El 19 may. 2017 10:20 a. m., "Maxim Filatov" notifications@github.com escribió:

@kartojal https://github.com/kartojal you mean deis-controller needs ability to get pods in all namespaces (clusterrole), not only in workflow's parent namespace? And second question: have you access to apiserver's audit.log? If yes, could you please grep system:serviceaccount:deis:deis-controller /path/to/audit.log while trying to update a release? This way we can catch abilities lacks in role/clusterrole. Unfortunately I can't do it myself till May 23, because I haven't access to my clusters while on vacation. Thanks in advance!

— You are receiving this because you were mentioned. Reply to this email directly, view it on GitHub https://github.com/deis/controller/pull/1292#issuecomment-302640587, or mute the thread https://github.com/notifications/unsubscribe-auth/AKqXR88CU_KUwC9vzQqEyP4WpZWTkYdVks5r7VDKgaJpZM4NTHOn .

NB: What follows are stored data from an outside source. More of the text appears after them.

(* Define $A_0=E_1$ and $B_0=E_2F_3q^{-G_1-G_3}-q^{-1}F_3q^{-G_1-G_3}E_2$, let $X=A_0B_0-q^{-2}B_0A_0$, and recursively for $k\ge1$ $$A_k=[2]_q^{-1}(A_{k-1}X-XA_{k-1}),\qquad B_k=[2]_q^{-1}(XB_{k-1}-B_{k-1}X).$$ Let $\mathcal E_\alpha(\zeta)=\sum_{k\ge0}A_k\zeta^k$, $\mathcal E_{\delta-\alpha}(\zeta)=\sum_{k\ge0}B_k\zeta^k$ and $\mathcal E'_\alpha(\zeta)=\zeta\bigl(\mathcal E_\alpha(\zeta)B_0-q^{-2}B_0\mathcal E_\alpha(\zeta)\bigr)$. Then in $\mathrm U_q(\mathfrak{gl}_3)[[\zeta]]$: (i) $B_0=F_1q^{-G_1-G_2}$; (ii) $\mathcal E_\alpha(\zeta)=\kappa_q^{-1}N'_{21}N'_{11}(-q^{-2}\zeta)^{-1}$; (iii) $\mathcal E_{\delta-\alpha}(\zeta)=\kappa_q^{-1}q^{-1}N'_{11}(-q^{-2}\zeta)^{-1}N'_{12}$; (iv) $1+\kappa_q\mathcal E'_\alpha(\zeta)=N'_{11}(-q^{-2}\zeta)^{-1}N''_{22}(-q^{-2}\zeta)$.
   Context: Setting: $\hbar\in\mathbb C$, $q=e^\hbar$, $q^2\neq1$, $\kappa_q=q-q^{-1}$, $[\nu]_q=(q^\nu-q^{-\nu})/\kappa_q$ (so $[2]_q=q+q^{-1}$, assumed nonzero). Let $\mathfrak g=\mathbb CG_1\oplus\mathbb CG_2\oplus\mathbb CG_3$ and define linear forms $\alpha_1,\alpha_2$ on $\mathfrak g$ by $\alpha_1(G_1)=1,\alpha_1(G_2)=-1,\alpha_1(G_3)=0$, $\alpha_2(G_1)=0,\alpha_2(G_2)=1,\alpha_2(G_3)=-1$; put $H_1=G_1-G_2$, $H_2=G_2-G_3$. $\mathrm U_q(\mathfrak{gl}_3)$ is the unital associative $\mathbb C$-algebra generated by $E_1,E_2,F_1,F_2$ and symbols $q^X$, $X\in\mathfrak g$, with relations $q^0=1$, $q^{X_1}q^{X_2}=q^{X_1+X_2}$, $q^XE_iq^{-X}=q^{\alpha_i(X)}E_i$, $q^XF_iq^{-X}=q^{-\alpha_i(X)}F_i$, $[E_i,F_j]=\delta_{ij}(q^{H_i}-q^{-H_i})/\kappa_q$, and for $i\ne j$ the $q$-Serre relations $E_i^2E_j-[2]_qE_iE_jE_i+E_jE_i^2=0$, $F_i^2F_j-[2]_qF_iF_jF_i+F_jF_i^2=0$. For $\nu\in\mathbb C$ one writes $q^{X+\nu}=q^\nu q^X$. Further $E_3=E_1E_2-q^{-1}E_2E_1$, $F_3=F_2F_1-qF_1F_2$. Matrix entries: in $\mathrm U_q(\mathfrak{gl}_3)[[\zeta]]$ ($\zeta$ a formal variable; series with constant term $1$ are invertible) let $N'_{11}(\zeta)=1-\zeta q^{-2G_1}$, $N'_{22}(\zeta)=1-\zeta q^{-2G_2}$, $N'_{33}(\zeta)=1-\zeta q^{-2G_3}$, $N'_{12}=\kappa_q qF_1q^{-G_1-G_2}$, $N'_{23}=\kappa_q qF_2q^{-G_2-G_3}$, $N'_{13}=\kappa_q qF_3q^{-G_1-G_3}$, $N'_{21}=\kappa_qE_1$, $N'_{32}=\kappa_qE_2$, $N'_{31}=\kappa_qE_3$; and $N''_{22}(\zeta)=N'_{22}(\zeta)-\zeta N'_{21}N'_{11}(\zeta)^{-1}N'_{12}$, $N''_{23}(\zeta)=N'_{23}-N'_{21}N'_{11}(\zeta)^{-1}N'_{13}$, $N''_{32}(\zeta)=N'_{32}-\zeta N'_{31}N'_{11}(\zeta)^{-1}N'_{12}$, $N''_{33}(\zeta)=N'_{33}(\zeta)-\zeta N'_{31}N'_{11}(\zeta)^{-1}N'_{13}$, $N'''_{33}(\zeta)=N''_{33}(\zeta)-\zeta N''_{32}(\zeta)N''_{22}(\zeta)^{-1}N''_{23}(\zeta)$. For $c\in\mathbb C$, $N(c\zeta)$ denotes substitution $\zeta\mapsto c\zeta$. (Interpretation: $A_k$, $B_k$ are the images under Jimbo's evaluation homomorphism of the Khoroshkin–Tolstoy root vectors $e_{\alpha+k\delta}$, $e_{(\delta-\alpha)+k\delta}$ of $\mathrm U_q(\mathcal L(\mathfrak{sl}_3))$; this is not needed for the statement.) *)

theory Defs
  imports Complex_Main "HOL-Computational_Algebra.Formal_Power_Series"
begin

text \<open>A representation-free rendering of U_q(gl_3): a unital complex algebra is a ring 'a
  together with a central unital ring homomorphism emb from the complex numbers.
  The symbols q^X, X = x1 G1 + x2 G2 + x3 G3 in g, are modelled by qx (x1,x2,x3).
  An identity holds in U_q(gl_3) iff it holds for every such data satisfying the
  defining relations (universal property), so the theorem quantifies over all of them.\<close>

record 'a Uq =
  emb :: "complex \<Rightarrow> 'a"
  hbar :: complex
  qx :: "complex \<times> complex \<times> complex \<Rightarrow> 'a"
  Eg1 :: 'a
  Eg2 :: 'a
  Fg1 :: 'a
  Fg2 :: 'a

definition qq :: "complex \<Rightarrow> complex" where
  "qq h = exp h"

definition qpow :: "complex \<Rightarrow> complex \<Rightarrow> complex" where
  "qpow h \<nu> = exp (h * \<nu>)"

definition kap :: "complex \<Rightarrow> complex" where
  "kap h = qq h - inverse (qq h)"

definition br2 :: "complex \<Rightarrow> complex" where
  "br2 h = qq h + inverse (qq h)"

definition alpha1 :: "complex \<times> complex \<times> complex \<Rightarrow> complex" where
  "alpha1 X = (case X of (x1, x2, x3) \<Rightarrow> x1 - x2)"

definition alpha2 :: "complex \<times> complex \<times> complex \<Rightarrow> complex" where
  "alpha2 X = (case X of (x1, x2, x3) \<Rightarrow> x2 - x3)"

definition gadd :: "complex \<times> complex \<times> complex \<Rightarrow> complex \<times> complex \<times> complex \<Rightarrow> complex \<times> complex \<times> complex" where
  "gadd X Y = (case X of (x1, x2, x3) \<Rightarrow> case Y of (y1, y2, y3) \<Rightarrow> (x1 + y1, x2 + y2, x3 + y3))"

definition gneg :: "complex \<times> complex \<times> complex \<Rightarrow> complex \<times> complex \<times> complex" where
  "gneg X = (case X of (x1, x2, x3) \<Rightarrow> (- x1, - x2, - x3))"

definition is_Uq_gl3 :: "('a::ring_1) Uq \<Rightarrow> bool" where
  "is_Uq_gl3 U \<longleftrightarrow>
     emb U 1 = 1 \<and>
     (\<forall>a b. emb U (a + b) = emb U a + emb U b) \<and>
     (\<forall>a b. emb U (a * b) = emb U a * emb U b) \<and>
     (\<forall>a x. emb U a * x = x * emb U a) \<and>
     qx U (0, 0, 0) = 1 \<and>
     (\<forall>X Y. qx U X * qx U Y = qx U (gadd X Y)) \<and>
     (\<forall>X. qx U X * Eg1 U * qx U (gneg X) = emb U (qpow (hbar U) (alpha1 X)) * Eg1 U) \<and>
     (\<forall>X. qx U X * Eg2 U * qx U (gneg X) = emb U (qpow (hbar U) (alpha2 X)) * Eg2 U) \<and>
     (\<forall>X. qx U X * Fg1 U * qx U (gneg X) = emb U (qpow (hbar U) (- alpha1 X)) * Fg1 U) \<and>
     (\<forall>X. qx U X * Fg2 U * qx U (gneg X) = emb U (qpow (hbar U) (- alpha2 X)) * Fg2 U) \<and>
     Eg1 U * Fg1 U - Fg1 U * Eg1 U
       = emb U (inverse (kap (hbar U))) * (qx U (1, -1, 0) - qx U (-1, 1, 0)) \<and>
     Eg2 U * Fg2 U - Fg2 U * Eg2 U
       = emb U (inverse (kap (hbar U))) * (qx U (0, 1, -1) - qx U (0, -1, 1)) \<and>
     Eg1 U * Fg2 U - Fg2 U * Eg1 U = 0 \<and>
     Eg2 U * Fg1 U - Fg1 U * Eg2 U = 0 \<and>
     Eg1 U * Eg1 U * Eg2 U - emb U (br2 (hbar U)) * Eg1 U * Eg2 U * Eg1 U + Eg2 U * Eg1 U * Eg1 U = 0 \<and>
     Eg2 U * Eg2 U * Eg1 U - emb U (br2 (hbar U)) * Eg2 U * Eg1 U * Eg2 U + Eg1 U * Eg2 U * Eg2 U = 0 \<and>
     Fg1 U * Fg1 U * Fg2 U - emb U (br2 (hbar U)) * Fg1 U * Fg2 U * Fg1 U + Fg2 U * Fg1 U * Fg1 U = 0 \<and>
     Fg2 U * Fg2 U * Fg1 U - emb U (br2 (hbar U)) * Fg2 U * Fg1 U * Fg2 U + Fg1 U * Fg2 U * Fg2 U = 0"

definition Eg3 :: "('a::ring_1) Uq \<Rightarrow> 'a" where
  "Eg3 U = Eg1 U * Eg2 U - emb U (inverse (qq (hbar U))) * Eg2 U * Eg1 U"

definition Fg3 :: "('a::ring_1) Uq \<Rightarrow> 'a" where
  "Fg3 U = Fg2 U * Fg1 U - emb U (qq (hbar U)) * Fg1 U * Fg2 U"

text \<open>Two-sided inverse of a formal power series (exists and is unique when the constant
  term is 1)\<close>
definition fps_inv1 :: "('a::ring_1) fps \<Rightarrow> 'a fps" where
  "fps_inv1 f = (THE g. f * g = 1 \<and> g * f = 1)"

definition fps_scale :: "('a::ring_1) Uq \<Rightarrow> complex \<Rightarrow> 'a fps \<Rightarrow> 'a fps" where
  "fps_scale U c f = Abs_fps (\<lambda>n. emb U (c ^ n) * fps_nth f n)"

definition N'11 :: "('a::ring_1) Uq \<Rightarrow> 'a fps" where
  "N'11 U = 1 - fps_X * fps_const (qx U (-2, 0, 0))"

definition N'22 :: "('a::ring_1) Uq \<Rightarrow> 'a fps" where
  "N'22 U = 1 - fps_X * fps_const (qx U (0, -2, 0))"

definition N'12 :: "('a::ring_1) Uq \<Rightarrow> 'a fps" where
  "N'12 U = fps_const (emb U (kap (hbar U) * qq (hbar U)) * Fg1 U * qx U (-1, -1, 0))"

definition N'21 :: "('a::ring_1) Uq \<Rightarrow> 'a fps" where
  "N'21 U = fps_const (emb U (kap (hbar U)) * Eg1 U)"

definition N''22 :: "('a::ring_1) Uq \<Rightarrow> 'a fps" where
  "N''22 U = N'22 U - fps_X * N'21 U * fps_inv1 (N'11 U) * N'12 U"

definition A0 :: "('a::ring_1) Uq \<Rightarrow> 'a" where
  "A0 U = Eg1 U"

definition B0 :: "('a::ring_1) Uq \<Rightarrow> 'a" where
  "B0 U = Eg2 U * Fg3 U * qx U (-1, 0, -1)
          - emb U (inverse (qq (hbar U))) * Fg3 U * qx U (-1, 0, -1) * Eg2 U"

definition Xel :: "('a::ring_1) Uq \<Rightarrow> 'a" where
  "Xel U = A0 U * B0 U - emb U (inverse (qq (hbar U)) ^ 2) * B0 U * A0 U"

primrec Ak :: "('a::ring_1) Uq \<Rightarrow> nat \<Rightarrow> 'a" where
  "Ak U 0 = A0 U"
| "Ak U (Suc k) = emb U (inverse (br2 (hbar U))) * (Ak U k * Xel U - Xel U * Ak U k)"

primrec Bk :: "('a::ring_1) Uq \<Rightarrow> nat \<Rightarrow> 'a" where
  "Bk U 0 = B0 U"
| "Bk U (Suc k) = emb U (inverse (br2 (hbar U))) * (Xel U * Bk U k - Bk U k * Xel U)"

definition E_alpha :: "('a::ring_1) Uq \<Rightarrow> 'a fps" where
  "E_alpha U = Abs_fps (Ak U)"

definition E_delta_alpha :: "('a::ring_1) Uq \<Rightarrow> 'a fps" where
  "E_delta_alpha U = Abs_fps (Bk U)"

definition E'_alpha :: "('a::ring_1) Uq \<Rightarrow> 'a fps" where
  "E'_alpha U = fps_X * (E_alpha U * fps_const (B0 U)
                 - fps_const (emb U (inverse (qq (hbar U)) ^ 2)) * fps_const (B0 U) * E_alpha U)"

end

theory Submission
  imports Defs
begin

text \<open>The element X commutes with q^{-2G_1} and, once B_0 = F_1 q^{-G_1-G_2} is known, satisfies
  [E_1, X] = -q^{-2}[2]_q E_1 q^{-2G_1} and [X, B_0] = -q^{-2}[2]_q q^{-2G_1} B_0. Hence the
  recursions are solved by A_k = (-q^{-2})^k E_1 q^{-2kG_1} and B_k = (-q^{-2})^k q^{-2kG_1} B_0.
  Since N'_{11}(-q^{-2}\<zeta>) = 1 + q^{-2}\<zeta> q^{-2G_1} is inverted by the geometric series in
  -q^{-2}\<zeta> q^{-2G_1}, (ii) and (iii) follow coefficientwise. For (iv) one multiplies by
  N'_{11}(-q^{-2}\<zeta>) and compares coefficients: the linear one uses [E_1, F_1], the higher
  ones only the weights of E_1 and B_0 under q^{-2G_1}.\<close>

unbundle fps_syntax

lemma fps_inv1_eqI:
  fixes f g :: "'a::ring_1 fps"
  assumes "f * g = 1" and "g * f = 1"
  shows "fps_inv1 f = g"
  unfolding fps_inv1_def
proof (rule the_equality)
  fix g' assume "f * g' = 1 \<and> g' * f = 1"
  then have "g' = (g * f) * g'" and "f * g' = 1" using assms by simp_all
  then show "g' = g" by (simp add: mult.assoc)
qed (use assms in simp)

lemma one_minus_X_const_mult_geometric:
  fixes a :: "'a::ring_1"
  shows "(1 - fps_X * fps_const a) * Abs_fps (\<lambda>n. a ^ n) = 1"
proof -
  let ?G = "Abs_fps (\<lambda>n. a ^ n)"
  have "(1 - fps_X * fps_const a) * ?G = ?G - fps_X * (fps_const a * ?G)"
    by (simp add: left_diff_distrib mult.assoc)
  also have "\<dots> = 1" by (rule fps_ext) (simp add: power_eq_if)
  finally show ?thesis .
qed

lemma geometric_mult_one_minus_X_const:
  fixes a :: "'a::ring_1"
  shows "Abs_fps (\<lambda>n. a ^ n) * (1 - fps_X * fps_const a) = 1"
proof -
  let ?G = "Abs_fps (\<lambda>n. a ^ n)"
  have "?G * (1 - fps_X * fps_const a) = ?G - (?G * fps_X) * fps_const a"
    by (simp add: right_diff_distrib mult.assoc)
  also have "\<dots> = 1" by (rule fps_ext) (auto simp: gr0_conv_Suc power_Suc2 simp del: power_Suc)
  finally show ?thesis .
qed

lemma fps_inv1_one_minus_X_const:
  fixes a :: "'a::ring_1"
  shows "fps_inv1 (1 - fps_X * fps_const a) = Abs_fps (\<lambda>n. a ^ n)"
  by (rule fps_inv1_eqI[OF one_minus_X_const_mult_geometric geometric_mult_one_minus_X_const])

lemma rewrite_left_factors:
  fixes a b c y :: "'a::semigroup_mult"
  shows "a * b = c \<Longrightarrow> a * (b * y) = c * y"
  by (simp add: mult.assoc[symmetric])

locale uq_gl3 =
  fixes U :: "'a::ring_1 Uq"
  assumes relations: "is_Uq_gl3 U"
    and q_square_neq_1: "(qq (hbar U))\<^sup>2 \<noteq> 1"
    and qint_2_nonzero: "br2 (hbar U) \<noteq> 0"
begin

abbreviation "\<iota> \<equiv> emb U"
abbreviation "q \<equiv> qq (hbar U)"
abbreviation "\<kappa> \<equiv> kap (hbar U)"
abbreviation "E1 \<equiv> Eg1 U"
abbreviation "E2 \<equiv> Eg2 U"
abbreviation "F1 \<equiv> Fg1 U"
abbreviation "F2 \<equiv> Fg2 U"
abbreviation "K \<equiv> qx U"

lemma emb_1: "\<iota> 1 = 1"
  and emb_add: "\<iota> (a + b) = \<iota> a + \<iota> b"
  and emb_mult: "\<iota> (a * b) = \<iota> a * \<iota> b"
  and emb_central: "\<iota> a * x = x * \<iota> a"
  using relations unfolding is_Uq_gl3_def by blast+

lemma emb_0: "\<iota> 0 = 0"
  using emb_add[of 0 0] by simp

lemma emb_diff: "\<iota> (a - b) = \<iota> a - \<iota> b"
  using emb_add[of "a - b" b] by (simp add: eq_diff_eq)

lemma emb_uminus: "\<iota> (- a) = - \<iota> a"
  using emb_diff[of 0 a] by (simp add: emb_0)

lemma emb_mult_power: "(\<iota> a * x) ^ n = \<iota> (a ^ n) * x ^ n"
proof (induction n)
  case (Suc n)
  then show ?case
    by (simp add: emb_mult mult.assoc) (metis emb_central mult.assoc)
qed (simp add: emb_1)

lemma qx_zero: "K (0, 0, 0) = 1"
  and qx_mult: "K X * K Y = K (gadd X Y)"
  and qx_E1_conj: "K X * E1 * K (gneg X) = \<iota> (qpow (hbar U) (alpha1 X)) * E1"
  and qx_E2_conj: "K X * E2 * K (gneg X) = \<iota> (qpow (hbar U) (alpha2 X)) * E2"
  and qx_F1_conj: "K X * F1 * K (gneg X) = \<iota> (qpow (hbar U) (- alpha1 X)) * F1"
  and qx_F2_conj: "K X * F2 * K (gneg X) = \<iota> (qpow (hbar U) (- alpha2 X)) * F2"
  using relations unfolding is_Uq_gl3_def by blast+

lemma E1_F1_commutator: "E1 * F1 = \<iota> (inverse \<kappa>) * (K (1, -1, 0) - K (-1, 1, 0)) + F1 * E1"
  and E2_F2_commutator: "E2 * F2 = \<iota> (inverse \<kappa>) * (K (0, 1, -1) - K (0, -1, 1)) + F2 * E2"
  and E1_F2_commute: "E1 * F2 = F2 * E1"
  and E2_F1_commute: "E2 * F1 = F1 * E2"
  using relations unfolding is_Uq_gl3_def by (simp_all only: diff_eq_eq add_0)

lemma qx_gneg_mult: "K (gneg X) * K X = 1"
  by (cases X) (simp add: qx_mult gadd_def gneg_def qx_zero)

vdice commented 7 years ago

@Bregor I believe I've reproduced the same issue mentioned by @kartojal above. grepped /audit.log shows:

$ grep system:serviceaccount:deis:deis-controller /audit.log | grep pods
2017-05-25T00:09:34.153574773Z AUDIT: id="a5a3be49-c646-4652-b498-59c897c5afc4" ip="172.17.0.13" method="GET" user="system:serviceaccount:deis:deis-controller" groups="\"system:serviceaccounts\",\"system:serviceaccounts:deis\",\"system:authenticated\"" as="<self>" asgroups="<lookup>" namespace="mk-edp" uri="/api/v1/namespaces/mk-edp/pods?labelSelector=heritage%3Ddeis"

which correlates to the fix mentioned in https://github.com/deis/controller/pull/1292#issuecomment-302389070, namely adding the get verb for the pods resource. Shall we add this in?

edit: here's the full audit.log particular to the deis-controller serviceaccount, if helps: https://gist.github.com/vdice/5648dc621a7594273db7b5b167a534f2

Bregor commented 7 years ago

Sure, thanks for testing, guys! I'll rebase and push ASAP

Bregor commented 7 years ago

@vdice, @mboersma I read carefully all the code in https://github.com/deis/controller/tree/master/rootfs/scheduler/resources and updated clusterrole accordingly.

vdice commented 7 years ago

Things look good after an additional round of testing, with specific focus on items relating to updated permissions in latest commits:

Planning on making sure others see the same and hopefully merging this along w/ the rest of the RBAC PRs on Tuesday (US holiday here on Monday).